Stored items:
>>>>>

definition suffix_position :: "nat \<Rightarrow> nat \<Rightarrow> nat \<Rightarrow> nat \<Rightarrow> nat" where
  "suffix_position n k j i = (if n = 1 then i else j * n ^ k + (n ^ i - 1))"

definition suffix_positions :: "nat \<Rightarrow> nat \<Rightarrow> nat \<Rightarrow> nat list" where
  "suffix_positions n m k = blocks (n ^ m) k (suffix_position n k)"

lemma length_suffix_positions [simp]: "length (suffix_positions n m k) = n ^ m * k"
  by (simp add: suffix_positions_def)

lemma sat_suffix_guard:
  assumes "w \<noteq> []"
  shows "sat w (decode_concat (length w) (m + k) k c) v (suffix_guard k m) \<longleftrightarrow>
    length w = 1 \<or>
    (\<forall>i'<k. \<forall>ts. length ts = m + k \<longrightarrow> set ts \<subseteq> {..<length w} \<longrightarrow>
       c ! (i' * length w ^ (m + k) + tuple_rank (length w) ts) \<longrightarrow>
       i' = 0 \<and> (\<exists>i<k. drop m ts = thermo (length w) k i))"
proof -
  let ?n = "length w"
  have clause: "sat w (decode_concat ?n (m + k) k c) v (alls [0..<m + k] (Imp (Rel i' (map Var [0..<m + k]))
       (if i' = 0 then disjs (map (\<lambda>i. eqs_at m (thermo_terms k i)) [0..<k]) else falsity))) \<longleftrightarrow>
    (\<forall>ts. length ts = m + k \<longrightarrow> set ts \<subseteq> {..<?n} \<longrightarrow>
       c ! (i' * ?n ^ (m + k) + tuple_rank ?n ts) \<longrightarrow>
       i' = 0 \<and> (\<exists>i<k. drop m ts = thermo ?n k i))" if "i' < k" for i'
    using that by (cases "i' = 0")
      (auto simp: sat_alls_Imp_Rel mem_decode_concat sat_eqs_at_upds map_tval_thermo_terms
        atLeast0LessThan)
  have "?n \<le> 1 \<longleftrightarrow> ?n = 1" using assms by (cases w) auto
  then show ?thesis
    unfolding suffix_guard_def by (simp add: clause atLeast0LessThan, simp add: Ball_def)
qed

lemma suffix_position_less_power:
  assumes "2 \<le> n" and "j < n ^ m" and "i < k"
  shows "suffix_position n k j i < n ^ (m + k)"
proof -
  have "j * n ^ k + (n ^ i - 1) < n ^ m * n ^ k"
    using assms power_minus_one_less[of n i k] by (intro mult_add_less) auto
  then show ?thesis using assms(1) by (simp add: suffix_position_def power_add)
qed

lemma sorted_suffix_positions: "1 \<le> n \<Longrightarrow> sorted_wrt (<) (suffix_positions n m k)"
  unfolding suffix_positions_def
proof (rule sorted_wrt_blocks)
  fix j j' i i' assume "1 \<le> n" "j < n ^ m" "j' < n ^ m" "i < k" "i' < k"
    and "j < j' \<or> (j = j' \<and> i < i')"
  moreover have "n = 1 \<Longrightarrow> j = j'" using \<open>j < n ^ m\<close> \<open>j' < n ^ m\<close> by simp
  ultimately consider "n = 1" "i < i'" | "2 \<le> n" "j < j'" | "2 \<le> n" "j = j'" "i < i'"
    by (cases "n = 1") auto
  then show "suffix_position n k j i < suffix_position n k j' i'"
  proof cases
    case 2
    then have "j * n ^ k + (n ^ i - 1) < j' * n ^ k"
      using power_minus_one_less[of n i k] \<open>i < k\<close> by (intro mult_add_less) auto
    then have "j * n ^ k + (n ^ i - 1) < j' * n ^ k + (n ^ i' - 1)"
      by linarith
    with 2 show ?thesis
      unfolding suffix_position_def by simp
  next
    case 3
    then have "n ^ i - 1 < n ^ i' - 1"
      by (simp add: diff_less_mono power_strict_increasing)
    with 3 show ?thesis by (simp add: suffix_position_def)
  qed (simp add: suffix_position_def)
qed

lemma suffix_positions_less:
  assumes "1 \<le> n"
  shows "set (suffix_positions n m k) \<subseteq> {..<n ^ (m + k) * k}"
proof
  fix p assume "p \<in> set (suffix_positions n m k)"
  then obtain j i where "j < n ^ m" "i < k" and p: "p = suffix_position n k j i"
    by (auto simp: suffix_positions_def set_blocks)
  show "p \<in> {..<n ^ (m + k) * k}"
  proof (cases "n = 1")
    case False
    then have "p < n ^ (m + k)"
      using p assms suffix_position_less_power[OF _ \<open>j < n ^ m\<close> \<open>i < k\<close>] by simp
    also have "\<dots> \<le> n ^ (m + k) * k" using \<open>i < k\<close> by simp
    finally show ?thesis by simp
  qed (use p \<open>i < k\<close> in \<open>simp add: suffix_position_def\<close>)
qed

lemma mem_suffix_positions:
  assumes "2 \<le> n" and "i' < k" and "length ts = m + k" and "set ts \<subseteq> {..<n}"
  shows "i' * n ^ (m + k) + tuple_rank n ts \<in> set (suffix_positions n m k) \<longleftrightarrow>
    i' = 0 \<and> (\<exists>i<k. drop m ts = thermo n k i)"
proof -
  let ?N = "n ^ (m + k)"
  have ts: "tuple_rank n ts = tuple_rank n (take m ts) * n ^ k + tuple_rank n (drop m ts)"
    and take: "tuple_rank n (take m ts) < n ^ m"
    using assms(3,4) tuple_rank_take_drop tuple_rank_less[of "take m ts" n]
    by (auto dest: in_set_takeD)
  have "i' * ?N + tuple_rank n ts \<in> set (suffix_positions n m k) \<longleftrightarrow>
      (\<exists>j<n ^ m. \<exists>i<k. i' * ?N + tuple_rank n ts = suffix_position n k j i)"
    by (auto simp: suffix_positions_def set_blocks)
  also have "\<dots> \<longleftrightarrow> i' = 0 \<and> (\<exists>j<n ^ m. \<exists>i<k. tuple_rank n ts = j * n ^ k + (n ^ i - 1))"
  proof -
    have "i' = 0" if "j < n ^ m" "i < k" "i' * ?N + tuple_rank n ts = suffix_position n k j i" for j i
    proof (rule ccontr)
      assume "i' \<noteq> 0"
      then have "1 * ?N \<le> i' * ?N" by (intro mult_le_mono1) simp
      then have "?N \<le> i' * ?N + tuple_rank n ts" by linarith
      with that suffix_position_less_power[OF assms(1)] show False by fastforce
    qed
    then show ?thesis using assms(1) by (auto simp: suffix_position_def) blast+
  qed
  also have "\<dots> \<longleftrightarrow> i' = 0 \<and> (\<exists>i<k. tuple_rank n (drop m ts) = n ^ i - 1)"
  proof -
    have drop: "tuple_rank n (drop m ts) < n ^ k"
      using assms(3,4) tuple_rank_less[of "drop m ts" n] by (auto dest: in_set_dropD)
    have "tuple_rank n ts = j * n ^ k + (n ^ i - 1) \<longleftrightarrow>
        tuple_rank n (take m ts) = j \<and> tuple_rank n (drop m ts) = n ^ i - 1" if "i < k" for i j
      unfolding ts using mult_add_eq_iff[OF drop power_minus_one_less] assms(1) that by simp
    then show ?thesis using take by auto
  qed
  also have "\<dots> \<longleftrightarrow> i' = 0 \<and> (\<exists>i<k. drop m ts = thermo n k i)"
  proof -
    have "tuple_rank n (drop m ts) = n ^ i - 1 \<longleftrightarrow> drop m ts = thermo n k i" if "i < k" for i
      using assms that by (intro tuple_rank_eq_thermo_iff) (auto dest: in_set_dropD)
    then show ?thesis by auto
  qed
  finally show ?thesis .
qed

lemma supported_on_suffix_positions:
  assumes "1 \<le> n" and "length c = n ^ (m + k) * k"
  shows "supported_on (set (suffix_positions n m k)) c \<longleftrightarrow>
    n = 1 \<or>
    (\<forall>i'<k. \<forall>ts. length ts = m + k \<longrightarrow> set ts \<subseteq> {..<n} \<longrightarrow>
       c ! (i' * n ^ (m + k) + tuple_rank n ts) \<longrightarrow> i' = 0 \<and> (\<exists>i<k. drop m ts = thermo n k i))"
proof (cases "n = 1")
  case True
  then have "set (suffix_positions n m k) = {..<k}"
    by (auto simp: suffix_positions_def set_blocks suffix_position_def)
  then show ?thesis using assms True by (simp add: supported_on_def)
next
  case False
  with assms have "2 \<le> n" by simp
  then show ?thesis
    using False assms(2) by (simp add: supported_on_def mult.commute[of _ k] all_less_mult_iff
        all_less_power_iff mem_suffix_positions)
qed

<<<<<

> **Description of the task**
Your answer should consist only of the lines above between the line holding "k) + tuple_rank n ts \<in>" and the line holding "using assms(3,4) tuple_rank_take_drop", inclusive, each transcribed exactly.

> **The completed task**
  shows "i' * n ^ (m + k) + tuple_rank n ts \<in> set (suffix_positions n m k) \<longleftrightarrow>
    i' = 0 \<and> (\<exists>i<k. drop m ts = thermo n k i)"
proof -
  let ?N = "n ^ (m + k)"
  have ts: "tuple_rank n ts = tuple_rank n (take m ts) * n ^ k + tuple_rank n (drop m ts)"
    and take: "tuple_rank n (take m ts) < n ^ m"
    using assms(3,4) tuple_rank_take_drop tuple_rank_less[of "take m ts" n]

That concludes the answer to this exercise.